== Provided records

(* Let $V$ be a real vector space with $m=\dim V>1$, and let $A\subset V$ be a finite set spanning $V$ with $0\notin A$ and no two elements of $A$ parallel. Let $B\subset A$ be a basis of $V$ such that the graph $G(B;A)$ is connected. Then there is a compact convex polytope $C\subset V$ with nonempty interior such that (with normals taken with respect to $[\cdot,\cdot]_B$): (i) the normal of each face of $C$ is an element of $A$; (ii) there is a vertex $v$ of $C$ lying at the intersection of exactly $m$ faces of $C$, each of which is normal to some element of $B$; (iii) $v$ is the unique vertex of $C$ with property (ii).
   Context: $[\cdot,\cdot]_B$ is the inner product on $V$ for which $B$ is orthonormal. $G(B;A)$ is the graph with vertex set $B$ and an edge between distinct $x,y\in B$ whenever there is $z\in A\setminus B$ with $[x,z]_B\ne0$ and $[y,z]_B\ne0$. Faces of $C$ are its $(m-1)$-dimensional faces. *)

theory Defs
  imports "HOL-Analysis.Analysis"
begin

text \<open>The inner product [x,y]_B for which the basis B is orthonormal:
  sum over b in B of the products of the B-coordinates of x and y.\<close>
definition inner_B :: "'a::euclidean_space set \<Rightarrow> 'a \<Rightarrow> 'a \<Rightarrow> real" where
  "inner_B B x y = (\<Sum>b\<in>B. representation B x b * representation B y b)"

definition G_edge :: "'a::euclidean_space set \<Rightarrow> 'a set \<Rightarrow> 'a \<Rightarrow> 'a \<Rightarrow> bool" where
  "G_edge B A x y \<longleftrightarrow> x \<in> B \<and> y \<in> B \<and> x \<noteq> y \<and>
     (\<exists>z\<in>A - B. inner_B B x z \<noteq> 0 \<and> inner_B B y z \<noteq> 0)"

definition G_connected :: "'a::euclidean_space set \<Rightarrow> 'a set \<Rightarrow> bool" where
  "G_connected B A \<longleftrightarrow> (\<forall>x\<in>B. \<forall>y\<in>B. (G_edge B A)\<^sup>*\<^sup>* x y)"

text \<open>A face (facet) F is normal to a w.r.t. [.,.]_B: F lies in a hyperplane
  {x. [a,x]_B = c} (orientation of the normal is not fixed).\<close>
definition normal_to :: "'a::euclidean_space set \<Rightarrow> 'a set \<Rightarrow> 'a \<Rightarrow> bool" where
  "normal_to B F a \<longleftrightarrow> a \<noteq> 0 \<and> (\<exists>c. F \<subseteq> {x. inner_B B a x = c})"

definition no_two_parallel :: "'a::real_vector set \<Rightarrow> bool" where
  "no_two_parallel A \<longleftrightarrow> (\<forall>x\<in>A. \<forall>y\<in>A. x \<noteq> y \<longrightarrow> \<not> (\<exists>c::real. y = c *\<^sub>R x))"

definition good_vertex :: "'a::euclidean_space set \<Rightarrow> 'a set \<Rightarrow> 'a \<Rightarrow> bool" where
  "good_vertex B C v \<longleftrightarrow> v extreme_point_of C \<and>
     card {F. F facet_of C \<and> v \<in> F} = DIM('a) \<and>
     (\<forall>F. F facet_of C \<and> v \<in> F \<longrightarrow> (\<exists>b\<in>B. normal_to B F b))"

end

theory Submission
  imports Defs
begin
theorem lemma7p7:
  fixes V :: "'v set" and C :: "'c set" and lits :: "'c \<Rightarrow> ('v \<times> bool) set"
    and k d :: nat and S :: "'c set"
  assumes "k_uniform_cnf V C lits k"
    and "max_occ_le V C lits d"
    and "(2::real) ^ k \<ge> 2 * exp 1 * real d * real k"
    and "k \<ge> 1"
    and "S \<subseteq> C"
  shows "Z V C lits S \<le> 2 ^ card S * Z V C lits {}"
proof (cases "S = {}")
  case False
  interpret uniform_cnf V C lits k d
    using assms(1,2) by unfold_locales
  have "1 \<le> d"
    using one_le_occurrence_bound False assms(4,5) by blast
  have "2 * 2 * real d * real k \<le> 2 * exp 1 * real d * real k"
    using exp_ge_add_one_self[of 1] by (intro mult_right_mono) auto
  then have "4 * real d * real k \<le> 2 ^ k"
    using assms(3) by linarith
  then interpret lll_weighted_cnf V C lits k d "1 / (2 * real d * real k)"
    using \<open>1 \<le> d\<close> assms(4) lll_weighted_cnf_inverse_weight(1) by blast
  show ?thesis
    using Z_le_two_pow_card_mult_Z_empty lll_weighted_cnf_inverse_weight(2)
      \<open>1 \<le> d\<close> assms(4,5) \<open>4 * real d * real k \<le> 2 ^ k\<close> by blast
qed simp

end
theorem lemmaC2:
  fixes r :: "real^'n::finite" and Rmax \<eta> \<alpha> :: real
    and acts :: "nat \<Rightarrow> 'n" and rews :: "nat \<Rightarrow> real" and n :: nat and g :: "real^'n"
  defines "K \<equiv> real CARD('n)"
  assumes eta: "\<eta> > 0"
    and rews_bd: "\<And>t. \<bar>rews t\<bar> \<le> Rmax"
    and r_bd: "\<And>a. \<bar>r $ a\<bar> \<le> Rmax"
    and alpha_pos: "\<alpha> > 0"
    and alpha_lt: "\<alpha> < 1 / (6 * (sqrt 2 * Rmax + (2/\<eta>) * K))"
    and grad: "(Phi \<eta> r has_derivative (\<lambda>h. g \<bullet> h)) (at (lbsgb \<alpha> \<eta> acts rews n))"
  shows "\<bar>Phi \<eta> r (lbsgb \<alpha> \<eta> acts rews (Suc n)) - Phi \<eta> r (lbsgb \<alpha> \<eta> acts rews n)
            - g \<bullet> (lbsgb \<alpha> \<eta> acts rews (Suc n) - lbsgb \<alpha> \<eta> acts rews n)\<bar>
         \<le> (3 * norm g / (2 - 6 * \<alpha> * (sqrt 2 * Rmax + (2/\<eta>) * K)) + 15 * K / \<eta>)
            * (norm (lbsgb \<alpha> \<eta> acts rews (Suc n) - lbsgb \<alpha> \<eta> acts rews n))^2"
proof -
  let ?\<theta> = "lbsgb \<alpha> \<eta> acts rews n" and ?d = "lbsgb \<alpha> \<eta> acts rews (Suc n) - lbsgb \<alpha> \<eta> acts rews n"
  define c where "c = sqrt 2 * Rmax + (2/\<eta>) * K"
  have "K \<ge> 1" "Rmax \<ge> 0"
    using rews_bd[of 0] by (auto simp: K_def)
  then have "c > 0"
    using eta by (simp add: c_def add_nonneg_pos)
  then have "\<alpha> * c < 1/6"
    using alpha_lt unfolding c_def[symmetric] by (simp add: field_simps)
  have "norm ?d \<le> \<alpha> * (sqrt 2 * Rmax + K / \<eta>)"
    unfolding K_def using alpha_pos eta rews_bd by (intro norm_lbsgb_Suc_diff_le) auto
  also have "\<dots> \<le> \<alpha> * c"
    using alpha_pos eta \<open>K \<ge> 1\<close> by (intro mult_left_mono) (auto simp: c_def divide_simps)
  finally have "1 - 3 * (\<alpha> * c) \<le> 1 - 3 * norm ?d"
    by linarith
  then have "\<bar>Phi \<eta> r (?\<theta> + ?d) - Phi \<eta> r ?\<theta> - g \<bullet> ?d\<bar>
      \<le> (3 * norm g / (2 * (1 - 3 * (\<alpha> * c))) + 4 * K / \<eta>) * (norm ?d)\<^sup>2"
    unfolding K_def using \<open>\<alpha> * c < 1/6\<close> by (intro Phi_remainder_le_norm_grad[OF eta grad]) auto
  also have "\<dots> \<le> (3 * norm g / (2 - 6 * \<alpha> * c) + 15 * K / \<eta>) * (norm ?d)\<^sup>2"
    using \<open>K \<ge> 1\<close> eta by (intro mult_right_mono add_mono) (auto simp: divide_right_mono algebra_simps)
  finally show ?thesis
    by (simp add: c_def)
qed

end
section \<open>Isotropic and co-isotropic tangent spaces\<close>

lemma independent_family_of_enum:
  fixes f :: "nat \<Rightarrow> 'a::real_vector"
  assumes B: "independent B" and f: "bij_betw f {..<n} B"
    and sum: "(\<Sum>j<n. c j *\<^sub>R f j) = 0" and j: "j < n"
  shows "c j = 0"
proof -
  define g where "g = inv_into {..<n} f"
  have "(\<Sum>v\<in>B. c (g v) *\<^sub>R v) = (\<Sum>j<n. c (g (f j)) *\<^sub>R f j)"
    by (rule sum.reindex_bij_betw[OF f, symmetric])
  also have "\<dots> = 0"
    using f sum by (simp add: g_def bij_betw_def)
  finally have "\<forall>v\<in>B. c (g v) = 0"
    using independentD[OF B bij_betw_finite[THEN iffD1, OF f] order_refl, of "\<lambda>v. c (g v)"] by blast
  moreover have "f j \<in> B" and "g (f j) = j"
    using f j by (auto simp: g_def bij_betw_def)
  ultimately show ?thesis by metis
qed

lemma obtain_independent_family:
  fixes S :: "'a::euclidean_space set"
  assumes "subspace S" and "n \<le> dim S"
  obtains f where "\<And>j. j < n \<Longrightarrow> f j \<in> S"
    and "\<And>c. (\<Sum>j<n. c j *\<^sub>R f j) = 0 \<Longrightarrow> \<forall>j<n. c j = 0"
proof -
  obtain B where B: "B \<subseteq> S" "independent B" "card B = dim S"
    using basis_exists[of S] by metis
  obtain B' where B': "B' \<subseteq> B" "card B' = n" "finite B'"
    using obtain_subset_with_card_n[of n B] assms(2) B(3) by metis
  obtain f where f: "bij_betw f {..<n} B'"
    using ex_bij_betw_nat_finite[OF B'(3)] B'(2) by (metis atLeast0LessThan)
  show thesis
  proof
    show "f j \<in> S" if "j < n" for j
      using f that B(1) B'(1) by (auto simp: bij_betw_def)
    show "\<forall>j<n. c j = 0" if "(\<Sum>j<n. c j *\<^sub>R f j) = 0" for c
      using independent_family_of_enum[OF independent_mono[OF B(2) B'(1)] f that] by blast
  qed
qed
lemma lin_ext_compose: "lin_ext E (lin_ext E' x) = lin_ext (\<lambda>a. lin_ext E (E' a)) x"
  by (simp add: lin_ext_def[of E'] lin_ext_sum lin_ext_scal) (simp add: lin_ext_def)

lemma lin_ext_id: "lin_ext (\<lambda>a. Poly_Mapping.single a 1) x = x"
  by (simp add: lin_ext_def) (rule poly_mapping_sum_keys[symmetric])

lemma lin_ext_cong: "(\<And>a. a \<in> Poly_Mapping.keys x \<Longrightarrow> E a = E' a) \<Longrightarrow> lin_ext E x = lin_ext E' x"
  by (simp add: lin_ext_def)

lemma bilin_ext_lin_ext:
  "bilin_ext F s (lin_ext E x) (lin_ext E' y) = (\<Sum>a\<in>Poly_Mapping.keys x. \<Sum>b\<in>Poly_Mapping.keys y.
     scal (Poly_Mapping.lookup x a * Poly_Mapping.lookup y b) (bilin_ext F s (E a) (E' b)))"
  by (simp add: lin_ext_def bilin_ext_sum_left bilin_ext_sum_right bilin_ext_scal_left
      bilin_ext_scal_right scal_sum_right mult.commute sum.swap[of _ "Poly_Mapping.keys x"])

lemma lin_ext_diff_fun: "lin_ext E x - lin_ext E' x = lin_ext (\<lambda>w. E w - E' w) x"
  by (simp add: lin_ext_def sum_subtractf scal_diff_right)

lemma lin_form_single [simp]: "lin_form E (Poly_Mapping.single a c) = c * E a"
  by (subst lin_form_superset[where A="{a}"]) auto

lemma lin_form_add: "lin_form E (x + y) = lin_form E x + lin_form E y"
proof -
  let ?A = "Poly_Mapping.keys x \<union> Poly_Mapping.keys y \<union> Poly_Mapping.keys (x + y)"
  show ?thesis
    by (subst (1 2 3) lin_form_superset[where A="?A"]) (auto simp: lookup_add algebra_simps sum.distrib)
qed

lemma lin_form_zero [simp]: "lin_form E 0 = 0"
  by (simp add: lin_form_def)

lemma lin_form_sum: "lin_form E (sum g I) = (\<Sum>i\<in>I. lin_form E (g i))"
  by (induction I rule: infinite_finite_induct) (auto simp: lin_form_add)

lemma lin_form_scal: "lin_form E (scal c x) = c * lin_form E x"
  by (subst (1 2) lin_form_superset[where A="Poly_Mapping.keys x"])
     (auto simp: sum_distrib_left in_keys_iff algebra_simps)

lemma lin_form_diff: "lin_form E (x - y) = lin_form E x - lin_form E y"
  by (metis add_diff_cancel diff_add_cancel lin_form_add)

lemma sgn_add: "(sgn (a + b) :: 'k::field) = sgn a * sgn b"
  by (simp add: sgn_def power_add)

lemma sgn_0 [simp]: "sgn 0 = 1"
  by (simp add: sgn_def)

lemma sgn_cong_parity: "even a = even b \<Longrightarrow> (sgn a :: 'k::field) = sgn b"
  by (cases "even a") (auto simp: sgn_def)

lemma sgn_mult_self: "(sgn a :: 'k::field) * sgn a = 1"
  by (simp add: sgn_def flip: power_add)

lemma sgn_mult_sgn_cong_parity:
  "even (x + y) = even (u + v) \<Longrightarrow> (sgn x :: 'k::field) * sgn y = sgn u * sgn v"
  unfolding sgn_add[symmetric] by (rule sgn_cong_parity)

lemma sgn_mult_assoc_parity:
  assumes "even (x + y) = even (u + v)"
  shows "(sgn x :: 'k::field) * (sgn y * c) = sgn u * (sgn v * c)"
  by (simp only: mult.assoc[symmetric] sgn_mult_sgn_cong_parity[OF assms])

lemma sgn_mult_commute_parity:
  assumes "even (x + y) = even (u + v)"
  shows "(sgn x :: 'k::field) * c * sgn y = sgn u * (sgn v * c)"
proof -
  have "(sgn x :: 'k) * c * sgn y = sgn x * (sgn y * c)"
    by (simp only: mult_ac)
  then show ?thesis
    by (simp only: sgn_mult_assoc_parity[OF assms])
qed

lemma sgn_add_chain: "(sgn (a + b) :: 'k::field) * sgn (b + c) = sgn (a + c)"
  unfolding sgn_add[symmetric] by (rule sgn_cong_parity) (auto simp: even_add)

lemma deg_word_Nil [simp]: "deg_word q [] = 0"
  by (simp add: deg_word_def)

lemma deg_word_Cons: "deg_word q (x # w) = (deg_gen q x + deg_word q w) mod 2"
  by (simp add: deg_word_def mod_add_right_eq)
(* For every $n\ge1$, \[\widehat C_n=F(X_0,\dots,X_{n-2})+\frac{(-1)^{n-1}}{(n-1)!}X_{n-1},\] where $F$ is a polynomial with rational coefficients (depending on $n$) of total degree at most $n$.
   Context: Polynomials $S_i(n)$: let $a_0,a_1,\dots$ be indeterminates, $a(x)=\sum_{i\ge0}a_ix^i$; for a positive integer $j$ set $G(x)=\prod_{i=0}^{j-1}\frac{1+a(x)x^2}{1+ix}$, $H(x)=\prod_{i=1-j}^{-1}\frac{1+ix}{1+a(x)x^2}$, $u=2j-1$, $v=j(j-1)$. For each $n\ge1$ there are unique $S_0(n),\dots,S_n(n)\in\mathbb{Q}[a_0,\dots,a_{n-2}]$, independent of $j$, with: for every positive integer $j$ the coefficient of $x^{n-1}$ in $\frac{G(x)-H(x)}{x^2}(1+a(x)x^2)$ equals $u(a_{n-1}+S_0(n)+\sum_{i=1}^nS_i(n)v^i)$. Write $S_i(n)(c_1,\dots,c_{n-1})$ for the substitution $a_k=c_{k+1}$. Recursion: $X_0,X_1,\dots$ are indeterminates, $D$ is the $\mathbb{Q}$-linear derivation of $\mathbb{Q}[X_0,X_1,\dots]$ with $D(X_k)=X_{k+1}$, $P_1=X_0$, $P_{m+1}=D(P_m)-3X_0P_m$, and for $m\ge1$ \[\widehat C_m=-S_0(m)(\widehat C_1,\dots,\widehat C_{m-1})+\sum_{i=1}^m3\cdot2^iS_i(m)(\widehat C_1,\dots,\widehat C_{m-1})P_i.\] *)

theory Defs
  imports "HOL-Library.Poly_Mapping" "HOL-Computational_Algebra.Formal_Power_Series"
begin

text \<open>Variable k stands for the indeterminate with index k
  (X_k, resp. a_k).\<close>

type_synonym qpoly = "(nat \<Rightarrow>\<^sub>0 nat) \<Rightarrow>\<^sub>0 rat"

definition mvar :: "nat \<Rightarrow> qpoly" where
  "mvar k = Poly_Mapping.single (Poly_Mapping.single k 1) 1"

definition mconst :: "rat \<Rightarrow> qpoly" where
  "mconst c = Poly_Mapping.single 0 c"

definition mvars :: "qpoly \<Rightarrow> nat set" where
  "mvars p = \<Union> (Poly_Mapping.keys ` Poly_Mapping.keys p)"

text \<open>Total degree (0 for the zero polynomial).\<close>
definition mtotal_degree :: "qpoly \<Rightarrow> nat" where
  "mtotal_degree p = Max (insert 0 ((\<lambda>m. sum (Poly_Mapping.lookup m) (Poly_Mapping.keys m)) ` Poly_Mapping.keys p))"

definition meval :: "(nat \<Rightarrow> qpoly) \<Rightarrow> qpoly \<Rightarrow> qpoly" where
  "meval f p = (\<Sum>m\<in>Poly_Mapping.keys p. mconst (Poly_Mapping.lookup p m) * (\<Prod>k\<in>Poly_Mapping.keys m. f k ^ Poly_Mapping.lookup m k))"

text \<open>The Q-linear derivation D with D(X_k) = X_(k+1), written out on monomials
  via the Leibniz rule.\<close>
definition mderiv :: "qpoly \<Rightarrow> qpoly" where
  "mderiv p = (\<Sum>m\<in>Poly_Mapping.keys p. mconst (Poly_Mapping.lookup p m) *
      (\<Sum>k\<in>Poly_Mapping.keys m. of_nat (Poly_Mapping.lookup m k) * mvar (Suc k) * mvar k ^ (Poly_Mapping.lookup m k - 1) *
          (\<Prod>k'\<in>Poly_Mapping.keys m - {k}. mvar k' ^ Poly_Mapping.lookup m k')))"

definition finv :: "qpoly fps \<Rightarrow> qpoly fps" where
  "finv f = fps_right_inverse f 1"

text \<open>a(x) = sum a_i x^i, with a_i the indeterminate mvar i.\<close>
definition afps :: "qpoly fps" where
  "afps = Abs_fps mvar"

definition Aser :: "qpoly fps" where
  "Aser = 1 + afps * fps_X ^ 2"

definition onepl :: "int \<Rightarrow> qpoly fps" where
  "onepl i = 1 + fps_const (of_int i) * fps_X"

definition Gser :: "int \<Rightarrow> qpoly fps" where
  "Gser j = (\<Prod>i\<in>{0..j-1}. Aser * finv (onepl i))"

definition Hser :: "int \<Rightarrow> qpoly fps" where
  "Hser j = (\<Prod>i\<in>{1-j..-1}. onepl i * finv Aser)"

definition GHcoeff :: "int \<Rightarrow> nat \<Rightarrow> qpoly" where
  "GHcoeff j n = fps_nth (fps_shift 2 (Gser j - Hser j) * Aser) (n - 1)"

text \<open>S i stands for S_i(n) (and is 0 for i > n).\<close>
definition S_spec :: "nat \<Rightarrow> (nat \<Rightarrow> qpoly) \<Rightarrow> bool" where
  "S_spec n S \<longleftrightarrow> (\<forall>i>n. S i = 0) \<and> (\<forall>i\<le>n. mvars (S i) \<subseteq> {..<n-1}) \<and>
     (\<forall>j::int. j \<ge> 1 \<longrightarrow>
        GHcoeff j n = of_int (2*j - 1) *
          (mvar (n-1) + S 0 + (\<Sum>i=1..n. S i * of_int (j*(j-1)) ^ i)))"

definition Spoly :: "nat \<Rightarrow> nat \<Rightarrow> qpoly" where
  "Spoly n = (THE S. S_spec n S)"

fun Ppoly :: "nat \<Rightarrow> qpoly" where
  "Ppoly 0 = 0"
| "Ppoly (Suc 0) = mvar 0"
| "Ppoly (Suc (Suc m)) = mderiv (Ppoly (Suc m)) - 3 * mvar 0 * Ppoly (Suc m)"

text \<open>Substitution a_k := cs ! k, where cs = [C_1, ..., C_(m-1)].\<close>
definition subst_list :: "qpoly list \<Rightarrow> nat \<Rightarrow> qpoly" where
  "subst_list cs k = (if k < length cs then cs ! k else 0)"

definition Cstep :: "nat \<Rightarrow> qpoly list \<Rightarrow> qpoly" where
  "Cstep m cs = - meval (subst_list cs) (Spoly m 0) +
     (\<Sum>i=1..m. of_nat (3 * 2^i) * meval (subst_list cs) (Spoly m i) * Ppoly i)"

====

What needs to be done
Among the lines above, find those containing the word "acts" and copy each.

Completed exercise
    and acts :: "nat \<Rightarrow> 'n" and rews :: "nat \<Rightarrow> real" and n :: nat and g :: "real^'n"
    and grad: "(Phi \<eta> r has_derivative (\<lambda>h. g \<bullet> h)) (at (lbsgb \<alpha> \<eta> acts rews n))"
  shows "\<bar>Phi \<eta> r (lbsgb \<alpha> \<eta> acts rews (Suc n)) - Phi \<eta> r (lbsgb \<alpha> \<eta> acts rews n)
            - g \<bullet> (lbsgb \<alpha> \<eta> acts rews (Suc n) - lbsgb \<alpha> \<eta> acts rews n)\<bar>
            * (norm (lbsgb \<alpha> \<eta> acts rews (Suc n) - lbsgb \<alpha> \<eta> acts rews n))^2"
  let ?\<theta> = "lbsgb \<alpha> \<eta> acts rews n" and ?d = "lbsgb \<alpha> \<eta> acts rews (Suc n) - lbsgb \<alpha> \<eta> acts rews n"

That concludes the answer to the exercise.